_WHAT THE TASK REQUIRES_: Set down the lines of the data exactly, starting at the first and stopping after the line containing "(complex_of_real r) a".

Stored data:
▬▬▬
(* Let $X$ be a compact Hausdorff space and $T:X\to X$ a covering map. Let $\ell^2(X)$ be the Hilbert space with orthonormal basis $(e_x)_{x\in X}$, for $f\in C(X)$ let $M_f$ be the operator $M_fe_x=f(x)e_x$, and let $S$ be the bounded operator $Se_x=(L_0(1_X)(x))^{-1/2}\sum_{y\in T^{-1}(\{x\})}e_y$. Then there exists a representation $\psi$ of $C(X)\rtimes_{\alpha,\mathcal{L}}\mathbb{N}$ on $\ell^2(X)$ with $\psi(f)=M_f$ for all $f\in C(X)$ and $\psi(s)=S$. Moreover $\ker(\psi)\cap C(X)=\{0\}$.
   Context: $T:X\to X$ is a covering map: continuous, surjective, and every point has an open neighbourhood $V$ with $T^{-1}(V)$ a disjoint union of open sets each mapped homeomorphically onto $V$ by $T$. Define $\alpha(f)=f\circ T$, $L_0(f)(x)=\sum_{y\in T^{-1}(\{x\})}f(y)$, $\mathcal{L}(f)=L_0(1_X)^{-1}L_0(f)$ on $C(X)$. Choose a finite open cover $\{V_i\}_{i=1}^t$ of $X$ with $T|_{V_i}$ injective, a subordinate partition of unity $\{v_i\}$, and $u_i=(\alpha(L_0(1_X))v_i)^{1/2}$. $C(X)\rtimes_{\alpha,\mathcal{L}}\mathbb{N}$ is the universal $C^*$-algebra generated by a unital copy of $C(X)$ and an isometry $s$ subject to $sf=\alpha(f)s$, $s^*fs=\mathcal{L}(f)$ ($f\in C(X)$), and $1=\sum_{i=1}^t u_iss^*u_i$; $C(X)$ is identified with its canonical image. *)

theory Defs
  imports "HOL-Analysis.Analysis"
begin

text \<open>Complex scalar
  multiplication is an extra operation compatible with the real one.\<close>

class cstar_algebra = real_normed_algebra_1 + banach +
  fixes cscale :: "complex \<Rightarrow> 'a \<Rightarrow> 'a"
    and cstar :: "'a \<Rightarrow> 'a"
  assumes cscale_of_real: "cscale (complex_of_real r) a = r *\<^sub>R a"
    and cscale_add_left: "cscale (c + d) a = cscale c a + cscale d a"
    and cscale_add_right: "cscale c (a + b) = cscale c a + cscale c b"
    and cscale_cscale: "cscale c (cscale d a) = cscale (c * d) a"
    and norm_cscale: "norm (cscale c a) = cmod c * norm a"
    and cscale_left_mult: "cscale c a * b = cscale c (a * b)"
    and cscale_right_mult: "a * cscale c b = cscale c (a * b)"
    and cstar_add: "cstar (a + b) = cstar a + cstar b"
    and cstar_mult: "cstar (a * b) = cstar b * cstar a"
    and cstar_cscale: "cstar (cscale c a) = cscale (cnj c) (cstar a)"
    and cstar_cstar: "cstar (cstar a) = a"
    and cstar_identity: "norm (cstar a * a) = (norm a)\<^sup>2"

text \<open>A bounded operator \<open>A\<close> on \<open>\<ell>\<^sup>2(X)\<close> (orthonormal basis \<open>e\<^sub>x\<close>) is represented
  faithfully by its matrix \<open>m x y = \<langle>e\<^sub>x, A e\<^sub>y\<rangle>\<close>.\<close>

type_synonym 'x bmat = "'x \<Rightarrow> 'x \<Rightarrow> complex"

definition fin_vec :: "('x \<Rightarrow> complex) \<Rightarrow> bool" where
  "fin_vec v \<longleftrightarrow> finite {x. v x \<noteq> 0}"

definition l2_norm :: "('x \<Rightarrow> complex) \<Rightarrow> real" where
  "l2_norm v = sqrt (infsum (\<lambda>x. (cmod (v x))\<^sup>2) UNIV)"

definition mat_app :: "'x bmat \<Rightarrow> ('x \<Rightarrow> complex) \<Rightarrow> ('x \<Rightarrow> complex)" where
  "mat_app m v = (\<lambda>x. \<Sum>y\<in>{y. v y \<noteq> 0}. m x y * v y)"
(* For every $*$-term $P\land^\circ Q$ with $P\in P^*$ and $Q\in P^d$, the tree $se(P\land^\circ Q)$ has exactly one conjunction decomposition, namely $(se(P)[\mathsf T\mapsto\triangle],\,se(Q))$, and has no disjunction decomposition. For every $*$-term $P\lor^\circ Q$ with $P\in P^*$ and $Q\in P^c$, the tree $se(P\lor^\circ Q)$ has no conjunction decomposition and has exactly one disjunction decomposition, namely $(se(P)[\mathsf F\mapsto\triangle],\,se(Q))$.
   Context: Let $A$ be a nonempty set of atoms; terms are closed terms over constants $\mathsf T,\mathsf F$, atoms $a\in A$, unary $\neg$, binary $\land^\circ$, $\lor^\circ$. Evaluation trees $\mathcal T_A$: $\mathsf T,\mathsf F\in\mathcal T_A$ and $(X\unlhd a\unrhd Y)\in\mathcal T_A$ for $X,Y\in\mathcal T_A$, $a\in A$; depth $d(\mathsf T)=d(\mathsf F)=0$, $d(Y\unlhd a\unrhd Z)=1+\max(d(Y),d(Z))$. $\mathcal T_{A,\triangle}$: the same with leaves in $\{\mathsf T,\mathsf F,\triangle\}$. Leaf replacement $X[\ell_1\mapsto Y_1,\ldots]$ replaces every leaf labelled $\ell_i$ by $Y_i$. $se$: $se(\mathsf T)=\mathsf T$, $se(\mathsf F)=\mathsf F$, $se(a)=\mathsf T\unlhd a\unrhd\mathsf F$, $se(\neg P)=se(P)[\mathsf T\mapsto\mathsf F,\mathsf F\mapsto\mathsf T]$, $se(P\land^\circ Q)=se(P)[\mathsf T\mapsto se(Q)]$, $se(P\lor^\circ Q)=se(P)[\mathsf F\mapsto se(Q)]$. Syntactic categories ($a\in A$): $\mathsf T$-terms $P^{\mathsf T}::=\mathsf T\mid(a\land^\circ P^{\mathsf T})\lor^\circ P^{\mathsf T}$; $\mathsf F$-terms $P^{\mathsf F}::=\mathsf F\mid(a\lor^\circ P^{\mathsf F})\land^\circ P^{\mathsf F}$; $\ell$-terms $P^\ell::=(a\land^\circ P^{\mathsf T})\lor^\circ P^{\mathsf F}\mid(\neg a\land^\circ P^{\mathsf T})\lor^\circ P^{\mathsf F}$; $*$-terms $P^*::=P^c\mid P^d$, $P^c::=P^\ell\mid P^*\land^\circ P^d$, $P^d::=P^\ell\mid P^*\lor^\circ P^c$. A pair $(Y,Z)\in\mathcal T_{A,\triangle}\times\mathcal T_A$ is a candidate conjunction decomposition (ccd) of $X\in\mathcal T_A$ if $X=Y[\triangle\mapsto Z]$, $Y$ contains $\triangle$, $Y$ contains $\mathsf F$ but not $\mathsf T$, and $Z$ contains both $\mathsf T$ and $\mathsf F$; it is a candidate disjunction decomposition (cdd) if the same holds with "$Y$ contains $\mathsf T$ but not $\mathsf F$" instead. A ccd $(Y,Z)$ of $X$ is a conjunction decomposition (cd) if there is no other ccd $(Y',Z')$ of $X$ with $d(Z')<d(Z)$; similarly a cdd $(Y,Z)$ is a disjunction decomposition (dd) if there is no other cdd $(Y',Z')$ of $X$ with $d(Z')<d(Z)$. *)

theory Defs
  imports Main
begin

(* Closed terms over atoms of type 'a (the set A is the universe of 'a, hence nonempty) *)
datatype 'a trm = TT | FF | Atom 'a | Neg "'a trm"
  | LAnd "'a trm" "'a trm" | LOr "'a trm" "'a trm"

datatype leaf = LT | LF | LTri

datatype 'a tree = Leaf leaf | Node "'a tree" 'a "'a tree"
  (* Node X a Y  represents  X <| a |> Y *)

fun depth :: "'a tree \<Rightarrow> nat" where
  "depth (Leaf _) = 0"
| "depth (Node Y a Z) = 1 + max (depth Y) (depth Z)"

fun leaves :: "'a tree \<Rightarrow> leaf set" where
  "leaves (Leaf l) = {l}"
| "leaves (Node Y a Z) = leaves Y \<union> leaves Z"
▬▬▬
_WRITTEN SOLUTION_:
(* Let $X$ be a compact Hausdorff space and $T:X\to X$ a covering map. Let $\ell^2(X)$ be the Hilbert space with orthonormal basis $(e_x)_{x\in X}$, for $f\in C(X)$ let $M_f$ be the operator $M_fe_x=f(x)e_x$, and let $S$ be the bounded operator $Se_x=(L_0(1_X)(x))^{-1/2}\sum_{y\in T^{-1}(\{x\})}e_y$. Then there exists a representation $\psi$ of $C(X)\rtimes_{\alpha,\mathcal{L}}\mathbb{N}$ on $\ell^2(X)$ with $\psi(f)=M_f$ for all $f\in C(X)$ and $\psi(s)=S$. Moreover $\ker(\psi)\cap C(X)=\{0\}$.
   Context: $T:X\to X$ is a covering map: continuous, surjective, and every point has an open neighbourhood $V$ with $T^{-1}(V)$ a disjoint union of open sets each mapped homeomorphically onto $V$ by $T$. Define $\alpha(f)=f\circ T$, $L_0(f)(x)=\sum_{y\in T^{-1}(\{x\})}f(y)$, $\mathcal{L}(f)=L_0(1_X)^{-1}L_0(f)$ on $C(X)$. Choose a finite open cover $\{V_i\}_{i=1}^t$ of $X$ with $T|_{V_i}$ injective, a subordinate partition of unity $\{v_i\}$, and $u_i=(\alpha(L_0(1_X))v_i)^{1/2}$. $C(X)\rtimes_{\alpha,\mathcal{L}}\mathbb{N}$ is the universal $C^*$-algebra generated by a unital copy of $C(X)$ and an isometry $s$ subject to $sf=\alpha(f)s$, $s^*fs=\mathcal{L}(f)$ ($f\in C(X)$), and $1=\sum_{i=1}^t u_iss^*u_i$; $C(X)$ is identified with its canonical image. *)

theory Defs
  imports "HOL-Analysis.Analysis"
begin

text \<open>Complex scalar
  multiplication is an extra operation compatible with the real one.\<close>

class cstar_algebra = real_normed_algebra_1 + banach +
  fixes cscale :: "complex \<Rightarrow> 'a \<Rightarrow> 'a"
    and cstar :: "'a \<Rightarrow> 'a"
  assumes cscale_of_real: "cscale (complex_of_real r) a = r *\<^sub>R a"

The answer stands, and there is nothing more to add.